I second this. Will be grabbing a few more bottles next time I'm passing the local poundstretcher


----------



## PJS (Aug 18, 2007)

Blazebro said:


> Auto cleaner is alcohol based, household is vinigar based.


Only partially correct:
Sainsbury's own cleaner contains vinegar.
Mr Muscle has vinegar too (acetic acid), along with IPA and ethanol.
Windolene Crystal Trigger has vinegar mentioned on the front label, but its SDS states only two types of propanol.

Wizz - isopropanol and ethanol
Astonish - isopropanol (isopropyl alcohol/IPA)
Ecover - "alcohol"

All those are domestic/household window/glass cleaners, so your statement is much too rigid to be helpful.


----------



## Blazebro (May 18, 2007)

PJS said:


> All those are domestic/household window/glass cleaners, so your statement is much too rigid to be helpful.


The OP seemed to find it helpfull.

Next time I buy a glass cleaner I'll bare it in mind to ask the check out girl it's precise contents.


----------



## PJS (Aug 18, 2007)

Blazebro said:


> The OP seemed to find it helpfull.
> 
> Next time I buy a glass cleaner I'll bare it in mind to ask the check out girl it's precise contents.


The OP, now has a distorted mindset thanks to your previous "statement"!
I knew reading it, it was wrong, and a 10-15 minute search with Google for the brands I could think of, off the top of my head, revealed the above.

If you're going to offer advise to someone a bit clueless about the subject matter, at least do YOUR research first, before doling it out as hardened facts!

Getting stroppy and saying you'll ask the checkout girl what the contents are, is as useless and as throwaway a statement, as your earlier one.
Pity you have to resort to ad hominem responses, when you've no real answer to give.


----------



## Blazebro (May 18, 2007)

I'll bare it in mind next time and list every available possiblity.


----------



## Sharpy (Mar 25, 2007)

bloody hell does it really matter why get so pedantic to actually resort to googling different brands over the matter of a little bit of general advice? its not going to ruin his car or turn his hands black or the sky pink its bloody window cleaner who gives whether its vinegar or alcohol?? 
Window cleaner is window cleaner in my book, some more expensive than others but they all do the same job of cleaning your windows, if we really want to get to basics just use vinegar and a scrap of newspaper 

By the way ive got a gallon of chemical guys, a bottle of megs and a bottle of asdas cheapy stuff and you know what? Theres not a blind bit of difference between them


----------



## PJS (Aug 18, 2007)

It matters on a point of principle - doling out erroneous advice which the lesser informed will take as the gospel.
Pedanticism is the order of the day on a detailing forum, but even so, I checked my suspicions were correct before posting that I thought they were - just in case I was wrong.
Also, some people don't like the smell of vinegar, so knowing which has it, helps them avoid that brand's.


----------



## Blazebro (May 18, 2007)

It's hardly erroneous as your 15 minutes actually proved me right, household window cleaners do contain vinigar, well done you.

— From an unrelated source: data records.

(* Let $\mathit{VI}$ be a finite set of variables with $\#\mathit{VI}=n$, and let $\mathit{PSD}^{+}=\{sh\in\mathit{PSD}\mid\forall x\in\mathit{VI}:\{x\}\in sh\}$. Then $\mathit{PSD}^{\ddagger}:=\mathit{PSD}^{+}\sim\mathit{PS}=\{sh\in\mathit{PSD}\mid\mathit{VI}\in sh,\ \forall x\in\mathit{VI}:\{x\}\in sh\}$, and $\mathit{PSD}^{+}\sim\mathit{PSD}^{\ddagger}=\mathit{PS}$.
   Context: $\mathit{SG}=\wp(\mathit{VI})\setminus\{\emptyset\}$, $\mathit{SH}=\wp(\mathit{SG})$ ordered by inclusion. $\mathrm{pairs}(S)=\{T\subseteq S\mid\#T=2\}$, $\mathrm{pairs}(sh)=\bigcup_{S'\in sh}\mathrm{pairs}(S')$, $\mathit{PS}=\{\rho_{\mathit{PS}}(sh)\mid sh\in\mathit{SH}\}$ where $\rho_{\mathit{PS}}(sh)=\{S\in\mathit{SG}\mid\mathrm{pairs}(S)\subseteq\mathrm{pairs}(sh)\}$. $\mathit{PSD}=\{\rho_{\mathit{PSD}}(sh)\mid sh\in\mathit{SH}\}$ where $\rho_{\mathit{PSD}}(sh)=\{\,S\in\mathit{SG}\mid \forall T\subseteq S:\ \#T<2\implies S=\bigcup\{U\in sh\mid T\subseteq U\subseteq S\}\,\}$. Upper closure operators on a complete lattice $C$ are identified with their images (subsets closed under arbitrary meets); $\mathrm{uco}(C)$ is ordered by $\rho_1\sqsubseteq\rho_2$ iff $\rho_2(C)\subseteq\rho_1(C)$, with reduced product $\sqcap$ the glb. For $D\subseteq C$ the image of some $\rho\in\mathrm{uco}(C)$, $C\sim D=\mathrm{lub}\{\rho_2\in\mathrm{uco}(C)\mid\rho\sqcap\rho_2=\mathit{id}_C\}$ (weak pseudo-complement); here $C=\mathit{PSD}^{+}$ (a complete lattice under inclusion) and $\mathit{PS}\subseteq\mathit{PSD}^{+}$. *)

theory Defs
  imports Main
begin

definition SG :: "'a set \<Rightarrow> 'a set set" where
  "SG VI = Pow VI - {{}}"

definition SH :: "'a set \<Rightarrow> 'a set set set" where
  "SH VI = Pow (SG VI)"

definition pairs :: "'a set \<Rightarrow> 'a set set" where
  "pairs S = {T. T \<subseteq> S \<and> card T = 2}"

definition pairs_sh :: "'a set set \<Rightarrow> 'a set set" where
  "pairs_sh sh = (\<Union>S'\<in>sh. pairs S')"

definition rho_PS :: "'a set \<Rightarrow> 'a set set \<Rightarrow> 'a set set" where
  "rho_PS VI sh = {S \<in> SG VI. pairs S \<subseteq> pairs_sh sh}"

definition PS :: "'a set \<Rightarrow> 'a set set set" where
  "PS VI = rho_PS VI ` SH VI"

definition rho_PSD :: "'a set \<Rightarrow> 'a set set \<Rightarrow> 'a set set" where
  "rho_PSD VI sh = {S \<in> SG VI. \<forall>T. T \<subseteq> S \<and> card T < 2 \<longrightarrow>
       S = \<Union>{U \<in> sh. T \<subseteq> U \<and> U \<subseteq> S}}"

definition PSD :: "'a set \<Rightarrow> 'a set set set" where
  "PSD VI = rho_PSD VI ` SH VI"

definition PSD_plus :: "'a set \<Rightarrow> 'a set set set" where
  "PSD_plus VI = {sh \<in> PSD VI. \<forall>x\<in>VI. {x} \<in> sh}"

text \<open>Generic upper closure operators on a complete lattice C (a family of sets
  ordered by inclusion), identified with their images.\<close>

definition lat_glb :: "'b set set \<Rightarrow> 'b set set \<Rightarrow> 'b set" where
  "lat_glb C X = (THE y. y \<in> C \<and> (\<forall>x\<in>X. y \<subseteq> x) \<and>
                         (\<forall>z\<in>C. (\<forall>x\<in>X. z \<subseteq> x) \<longrightarrow> z \<subseteq> y))"

definition is_uco :: "'b set set \<Rightarrow> 'b set set \<Rightarrow> bool" where
  "is_uco C D \<longleftrightarrow> D \<subseteq> C \<and> (\<forall>X. X \<subseteq> D \<longrightarrow> lat_glb C X \<in> D)"

text \<open>rho1 below rho2 iff image of rho2 is contained in image of rho1.\<close>
definition uco_le :: "'b set set \<Rightarrow> 'b set set \<Rightarrow> bool" where
  "uco_le D1 D2 \<longleftrightarrow> D2 \<subseteq> D1"

definition uco_lub :: "'b set set \<Rightarrow> 'b set set set \<Rightarrow> 'b set set" where
  "uco_lub C S = (THE M. is_uco C M \<and> (\<forall>N\<in>S. uco_le N M) \<and>
      (\<forall>M'. is_uco C M' \<and> (\<forall>N\<in>S. uco_le N M') \<longrightarrow> uco_le M M'))"

definition uco_glb :: "'b set set \<Rightarrow> 'b set set set \<Rightarrow> 'b set set" where
  "uco_glb C S = (THE M. is_uco C M \<and> (\<forall>N\<in>S. uco_le M N) \<and>
      (\<forall>M'. is_uco C M' \<and> (\<forall>N\<in>S. uco_le M' N) \<longrightarrow> uco_le M' M))"

definition reduced_product :: "'b set set \<Rightarrow> 'b set set \<Rightarrow> 'b set set \<Rightarrow> 'b set set" where
  "reduced_product C D1 D2 = uco_glb C {D1, D2}"

text \<open>Weak pseudo-complement C ~ D; the identity uco id_C has image C.\<close>
definition wpc :: "'b set set \<Rightarrow> 'b set set \<Rightarrow> 'b set set" where
  "wpc C D = uco_lub C {D2. is_uco C D2 \<and> reduced_product C D D2 = C}"

end

theory Submission
  imports Defs
begin

text \<open>
  PSD_plus is a Moore family of subsets of SG, so the upper closure operators on it are its
  meet-closed subfamilies, their reduced product is the Moore family generated by their union,
  and lubs are intersections. For a sharing group S and distinct x, y in S, the family
  omit_pair VI S x y of all sharing groups except those containing x and y inside S is
  completely meet-irreducible in PSD_plus, and every element of PSD_plus is a meet of such families.
  Those with S = VI are clique families and generate PS; those with S \<noteq> VI contain VI, so they
  lie in PSD_ddagger and generate it, but they are not in PS. Together PS and PSD_ddagger generate
  PSD_plus. Now if D and E jointly generate C and E is generated by meet-irreducibles outside D,
  then every D2 with D \<sqinter> D2 = C contains these irreducibles, hence E, and so C \<sim> D = E.
  Applied to (PS, PSD_ddagger) and to (PSD_ddagger, PS) this gives both equations.
\<close>

section \<open>Upper closure operators on a Moore family\<close>

definition moore_family :: "'b set \<Rightarrow> 'b set set \<Rightarrow> bool" where
  "moore_family tp C \<longleftrightarrow> C \<subseteq> Pow tp \<and> (\<forall>X. X \<subseteq> C \<longrightarrow> tp \<inter> \<Inter>X \<in> C)"

definition moore_closure :: "'b set \<Rightarrow> 'b set set \<Rightarrow> 'b set set" where
  "moore_closure tp Y = {tp \<inter> \<Inter>X | X. X \<subseteq> Y}"

definition meet_irreducible :: "'b set \<Rightarrow> 'b set set \<Rightarrow> 'b set \<Rightarrow> bool" where
  "meet_irreducible tp C k \<longleftrightarrow> (\<forall>X. X \<subseteq> C \<and> k = tp \<inter> \<Inter>X \<longrightarrow> k \<in> X)"

lemma lat_glb_moore_family:
  assumes "moore_family tp C" and "X \<subseteq> C"
  shows "lat_glb C X = tp \<inter> \<Inter>X"
  unfolding lat_glb_def
proof (rule the_equality)
  show "tp \<inter> \<Inter>X \<in> C \<and> (\<forall>x\<in>X. tp \<inter> \<Inter>X \<subseteq> x) \<and>
      (\<forall>z\<in>C. (\<forall>x\<in>X. z \<subseteq> x) \<longrightarrow> z \<subseteq> tp \<inter> \<Inter>X)"
    using assms unfolding moore_family_def by blast
next
  fix y assume y: "y \<in> C \<and> (\<forall>x\<in>X. y \<subseteq> x) \<and> (\<forall>z\<in>C. (\<forall>x\<in>X. z \<subseteq> x) \<longrightarrow> z \<subseteq> y)"
  have "tp \<inter> \<Inter>X \<in> C" and "y \<subseteq> tp"
    using assms y unfolding moore_family_def by blast+
  moreover have "\<forall>x\<in>X. tp \<inter> \<Inter>X \<subseteq> x"
    by blast
  ultimately have "tp \<inter> \<Inter>X \<subseteq> y"
    using y by blast
  moreover have "y \<subseteq> \<Inter>X"
    using y by (simp add: Inf_greatest)
  ultimately show "y = tp \<inter> \<Inter>X"
    using \<open>y \<subseteq> tp\<close> by (meson le_inf_iff subset_antisym)
qed

lemma is_uco_moore_family_iff:
  assumes "moore_family tp C"
  shows "is_uco C D \<longleftrightarrow> D \<subseteq> C \<and> (\<forall>X. X \<subseteq> D \<longrightarrow> tp \<inter> \<Inter>X \<in> D)"
  using lat_glb_moore_family[OF assms] unfolding is_uco_def by (metis order_trans)

lemma subset_moore_closure: "Y \<subseteq> Pow tp \<Longrightarrow> Y \<subseteq> moore_closure tp Y"
proof
  fix y assume "Y \<subseteq> Pow tp" and "y \<in> Y"
  then have "y = tp \<inter> \<Inter>{y}" and "{y} \<subseteq> Y"
    by auto
  then show "y \<in> moore_closure tp Y"
    unfolding moore_closure_def by blast
qed

lemma mem_moore_closureI: "X \<subseteq> Y \<Longrightarrow> S = tp \<inter> \<Inter>X \<Longrightarrow> S \<in> moore_closure tp Y"
  unfolding moore_closure_def by blast

lemma moore_closure_least:
  assumes "moore_family tp C" and "is_uco C D" and "Y \<subseteq> D"
  shows "moore_closure tp Y \<subseteq> D"
  using assms unfolding is_uco_moore_family_iff[OF assms(1)] moore_closure_def by blast

lemma is_uco_moore_closure:
  assumes C: "moore_family tp C" and "Y \<subseteq> C"
  shows "is_uco C (moore_closure tp Y)"
  unfolding is_uco_moore_family_iff[OF C]
proof (intro conjI allI impI)
  show "moore_closure tp Y \<subseteq> C"
  proof
    fix S assume "S \<in> moore_closure tp Y"
    then obtain X where "X \<subseteq> Y" and "S = tp \<inter> \<Inter>X"
      unfolding moore_closure_def by blast
    with assms show "S \<in> C"
      unfolding moore_family_def by blast
  qed
next
  fix X assume "X \<subseteq> moore_closure tp Y"
  then have "\<forall>x\<in>X. \<exists>Z. Z \<subseteq> Y \<and> x = tp \<inter> \<Inter>Z"
    unfolding moore_closure_def by blast
  then obtain f where f: "\<forall>x\<in>X. f x \<subseteq> Y \<and> tp \<inter> \<Inter>(f x) = x"
    by metis
  have "tp \<inter> \<Inter>X = tp \<inter> \<Inter>(\<Union>(f ` X))"
  proof (intro equalityI subsetI)
    fix z assume z: "z \<in> tp \<inter> \<Inter>X"
    have "z \<in> tp \<inter> \<Inter>(f x)" if "x \<in> X" for x
      using f z that by auto
    with z show "z \<in> tp \<inter> \<Inter>(\<Union>(f ` X))"
      by blast
  next
    fix z assume z: "z \<in> tp \<inter> \<Inter>(\<Union>(f ` X))"
    have "z \<in> x" if "x \<in> X" for x
    proof -
      have "z \<in> tp \<inter> \<Inter>(f x)"
        using z that by blast
      with f that show ?thesis
        by simp
    qed
    with z show "z \<in> tp \<inter> \<Inter>X"
      by blast
  qed
  moreover have "\<Union>(f ` X) \<subseteq> Y"
    using f by blast
  ultimately show "tp \<inter> \<Inter>X \<in> moore_closure tp Y"
    unfolding moore_closure_def by blast
qed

Now can you spend another 15 minutes of google fail proving that auto window cleaners contain alcohol.


----------



## The Doctor (Sep 11, 2007)

What about ammonia content?

One very popular sprayable auto glass cleaner contains ammonia.

Some auto glass cleaners state that they do not contain ammonia for a good reason.


----------



## Blazebro (May 18, 2007)

The Doctor said:


> What about ammonia content?
> 
> One very popular sprayable auto glass cleaner contains ammonia.
> 
> Some auto glass cleaners state that they do not contain ammonia for a good reason.

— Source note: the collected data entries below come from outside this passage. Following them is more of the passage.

lemma pv_qv_primitive:
  "((\<lambda>y. eval2 (pv n m) x y * exp (- ((x - y)\<^sup>2)) + eval2 (qv n m) x y * Erf (x - y))
      has_real_derivative rat_poly_eval (v n) y * y ^ m * Erf (x - y)) (at y)"
proof -
  define B where "B = v n * [:0, 1:] ^ m"
  define c where "c k = (of_rat (coeff B k) :: real) / (real k + 1)" for k
  have fun_eq: "(\<lambda>y. eval2 (pv n m) x y * exp (- ((x - y)\<^sup>2)) + eval2 (qv n m) x y * Erf (x - y))
      = (\<lambda>y. \<Sum>k\<le>degree B. c k *
               (eval2 (u (Suc k)) y x * exp (- ((x - y)\<^sup>2))
                + (y ^ Suc k - rat_poly_eval (v (Suc k)) x) * Erf (x - y)))"
    by (simp add: pv_def qv_def Let_def B_def c_def sum_distrib_left sum_distrib_right
        distrib_left sum.distrib of_rat_divide of_rat_add add.commute mult_ac)
  have "(\<Sum>k\<le>degree B. c k * ((real k + 1) * y ^ k * Erf (x - y)))
      = (\<Sum>k\<le>degree B. of_rat (coeff B k) * y ^ k) * Erf (x - y)"
    unfolding sum_distrib_right by (intro sum.cong refl) (simp add: c_def field_simps)
  also have "\<dots> = rat_poly_eval (v n) y * y ^ m * Erf (x - y)"
    by (simp add: B_def rat_poly_eval_altdef[symmetric])
  finally have deriv_eq: "(\<Sum>k\<le>degree B. c k * ((real k + 1) * y ^ k * Erf (x - y)))
      = rat_poly_eval (v n) y * y ^ m * Erf (x - y)" .
  show ?thesis
    unfolding fun_eq deriv_eq[symmetric] by (intro DERIV_sum DERIV_cmult primitive_pow_Erf)
qed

I'm sure there's a bit of water in them too :thumb:


----------



## Car Key (Mar 20, 2007)

Household cleaners have to be kind to wood (not stain), where as auto cleaners don't??? Just a thought.

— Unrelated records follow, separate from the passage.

lemma qunitary_givens_U:
  assumes c0: "fst Q k l \<noteq> 0"
    and roots: "(qre (fst Q k k) - lam1) * (qre (fst Q k k) - lam2) = - (qnorm (fst Q k l))\<^sup>2"
  shows "qunitary 2 (givens_U Q k l lam1 lam2)"
proof -
  define s where "s = (qnorm (fst Q k l))\<^sup>2"
  define x1 where "x1 = qre (fst Q k k) - lam1"
  define x2 where "x2 = qre (fst Q k k) - lam2"
  define r1 where "r1 = sqrt (x1\<^sup>2 + s)"
  define r2 where "r2 = sqrt (x2\<^sup>2 + s)"
  have s: "s > 0"
    using c0 qnorm_eq_0_iff[of "fst Q k l"] by (simp add: s_def)
  have r: "r1 > 0" "r2 > 0" "r1\<^sup>2 = x1\<^sup>2 + s" "r2\<^sup>2 = x2\<^sup>2 + s"
    using s by (simp_all add: r1_def r2_def add_nonneg_pos)
  have x: "x1 * x2 = - s"
    using roots by (simp add: x1_def x2_def s_def)
  have pos: "x1\<^sup>2 + s > 0" "x2\<^sup>2 + s > 0"
    using s by (simp_all add: add_nonneg_pos)
  have "s * (x2\<^sup>2 + s) + s * (x1\<^sup>2 + s) = (x1\<^sup>2 + s) * (x2\<^sup>2 + s)"
       "x1\<^sup>2 * (x2\<^sup>2 + s) + x2\<^sup>2 * (x1\<^sup>2 + s) = (x1\<^sup>2 + s) * (x2\<^sup>2 + s)"
       "x1 * (x2\<^sup>2 + s) + x2 * (x1\<^sup>2 + s) = 0"
    using x by algebra+
  then have "s / (x1\<^sup>2 + s) + s / (x2\<^sup>2 + s) = 1" "x1\<^sup>2 / (x1\<^sup>2 + s) + x2\<^sup>2 / (x2\<^sup>2 + s) = 1"
    and "x1 / (x1\<^sup>2 + s) + x2 / (x2\<^sup>2 + s) = 0"
    using pos by (simp_all add: add_frac_eq)
  moreover have "x1\<^sup>2 / (x1\<^sup>2 + s) + s / (x1\<^sup>2 + s) = 1" "x2\<^sup>2 / (x2\<^sup>2 + s) + s / (x2\<^sup>2 + s) = 1"
    using pos by (simp_all add: add_divide_distrib[symmetric])
  moreover have "(- 1 / r1) * (- 1 / r2) * s + (x1 / r1) * (x2 / r2) = 0"
    using r x by (simp add: field_simps)
  moreover have "(- 1 / r1) * (x1 / r1) + (- 1 / r2) * (x2 / r2) = - (x1 / r1\<^sup>2 + x2 / r2\<^sup>2)"
    by (simp add: power2_eq_square)
  ultimately have "(- 1 / r1)\<^sup>2 * s + (x1 / r1)\<^sup>2 = 1" "(- 1 / r2)\<^sup>2 * s + (x2 / r2)\<^sup>2 = 1"
    "(- 1 / r1) * (- 1 / r2) * s + (x1 / r1) * (x2 / r2) = 0"
    "((- 1 / r1)\<^sup>2 + (- 1 / r2)\<^sup>2) * s = 1"
    "(- 1 / r1) * (x1 / r1) + (- 1 / r2) * (x2 / r2) = 0"
    "(x1 / r1)\<^sup>2 + (x2 / r2)\<^sup>2 = 1"
    by (simp_all only: power_divide r(3,4)) (simp_all add: distrib_right add.commute)
  then show ?thesis
    unfolding givens_U_eq_qblock2 Let_def
    by (intro qunitary_qblock2) (simp_all add: s_def x1_def x2_def r1_def r2_def)
qed

lemma qre_hermitian2_form:
  "qre (qcnj (qscale u c) * (qreal a * qscale u c + c * qreal v)
      + qcnj (qreal v) * (qcnj c * qscale u c + qreal b * qreal v))
   = a * u\<^sup>2 * (qnorm c)\<^sup>2 + 2 * u * v * (qnorm c)\<^sup>2 + b * v\<^sup>2"
  unfolding qnorm_power2 by (simp add: power2_eq_square algebra_simps)

text \<open>\<open>(-c, a - lam) / r\<close> is a unit eigenvector of \<open>[[a, c], [c*, b]]\<close> for the eigenvalue \<open>lam\<close>.\<close>

lemma givens_rayleigh_quotient:
  fixes a b lam s :: real
  assumes "(a - lam) * (b - lam) = s" and "s > 0"
  defines "r \<equiv> sqrt ((a - lam)\<^sup>2 + s)"
  shows "a * (- 1 / r)\<^sup>2 * s + 2 * (- 1 / r) * ((a - lam) / r) * s + b * ((a - lam) / r)\<^sup>2 = lam"
proof -
  have r: "r > 0" "r\<^sup>2 = (a - lam)\<^sup>2 + s"
    using assms(2) by (simp_all add: r_def add_nonneg_pos)
  have "a * (- 1 / r)\<^sup>2 * s + 2 * (- 1 / r) * ((a - lam) / r) * s + b * ((a - lam) / r)\<^sup>2
      = (a * s - 2 * (a - lam) * s + b * (a - lam)\<^sup>2) / r\<^sup>2"
    using r(1) by (simp add: field_simps power2_eq_square)
  also have "a * s - 2 * (a - lam) * s + b * (a - lam)\<^sup>2 = lam * r\<^sup>2"
    unfolding r(2) assms(1)[symmetric] by (simp add: power2_eq_square algebra_simps)
  finally show ?thesis
    using r(1) by simp
qed

lemma givens_U_diag:
  assumes herm: "qhermitian n (fst Q)" and "k < n" "l < n" and c0: "fst Q k l \<noteq> 0"
    and r1: "(qre (fst Q k k) - lam1) * (qre (fst Q l l) - lam1) = (qnorm (fst Q k l))\<^sup>2"
    and r2: "(qre (fst Q k k) - lam2) * (qre (fst Q l l) - lam2) = (qnorm (fst Q k l))\<^sup>2"
  defines "U \<equiv> givens_U Q k l lam1 lam2" and "P \<equiv> qprincipal2 k l (fst Q)"
  shows "qre (qmult 2 (qadj U) (qmult 2 P U) 0 0) = lam1"
    and "qre (qmult 2 (qadj U) (qmult 2 P U) 1 1) = lam2"
proof -
  define a where "a = qre (fst Q k k)"
  define b where "b = qre (fst Q l l)"
  define c where "c = fst Q k l"
  have s: "(qnorm c)\<^sup>2 > 0"
    using c0 qnorm_eq_0_iff[of c] by (simp add: c_def)
  have "fst Q l k = qcnj c"
    using herm \<open>k < n\<close> \<open>l < n\<close> unfolding qhermitian_def c_def by blast
  then have P: "P 0 0 = qreal a" "P 0 1 = c" "P 1 0 = qcnj c" "P 1 1 = qreal b"
    using qhermitian_diag[OF herm] \<open>k < n\<close> \<open>l < n\<close>
    by (simp_all add: P_def qprincipal2_def a_def b_def c_def)
  define r1 where "r1 = sqrt ((a - lam1)\<^sup>2 + (qnorm c)\<^sup>2)"
  define r2 where "r2 = sqrt ((a - lam2)\<^sup>2 + (qnorm c)\<^sup>2)"
  have U: "U 0 0 = qscale (- 1 / r1) c" "U 1 0 = qreal ((a - lam1) / r1)"
    "U 0 1 = qscale (- 1 / r2) c" "U 1 1 = qreal ((a - lam2) / r2)"
    by (simp_all add: U_def givens_U_eq_qblock2 Let_def qblock2_def a_def c_def r1_def r2_def)
  show "qre (qmult 2 (qadj U) (qmult 2 P U) 0 0) = lam1"
    unfolding qmult_2 qadj_def U P qre_hermitian2_form r1_def
    using givens_rayleigh_quotient[OF r1[folded a_def b_def c_def] s] .
  show "qre (qmult 2 (qadj U) (qmult 2 P U) 1 1) = lam2"
    unfolding qmult_2 qadj_def U P qre_hermitian2_form r2_def
    using givens_rayleigh_quotient[OF r2[folded a_def b_def c_def] s] .
qed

Found Mr. Muscle to be pretty poor on house windows - always leaving smears. 

Not found a satisfactory 'quick cleaner' for car windows, want to try MarkV, heard it's brill.


----------



## The Doctor (Sep 11, 2007)

Blazebro said:


> I'm sure there's a bit of water in them too :thumb:


Stop giving out erroneous advice you!!!


----------



## Blazebro (May 18, 2007)

The Doctor said:


> Stop giving out erroneous advice you!!!


Oops sorry, I forgot myself there 

:lol:


----------



## PJS (Aug 18, 2007)

Blazebro said:


> It's hardly erroneous as your 15 minutes actually proved me right, household window cleaners do contain vinigar, well done you.





Blazebro said:


> Auto cleaner is alcohol based, household is vinigar based


There's a world of difference in the syntaxes of both your quoted replies there.
Contains does not equal based - and as I proved by simple research, not every one of the household products mentioned in my reply, contained or were even based around vinegar.
Vinegar was low down the the list of ingredients, for the two that I could find the info on.
So, your reply to the OP making the original statement in black and white terms, is erroneous.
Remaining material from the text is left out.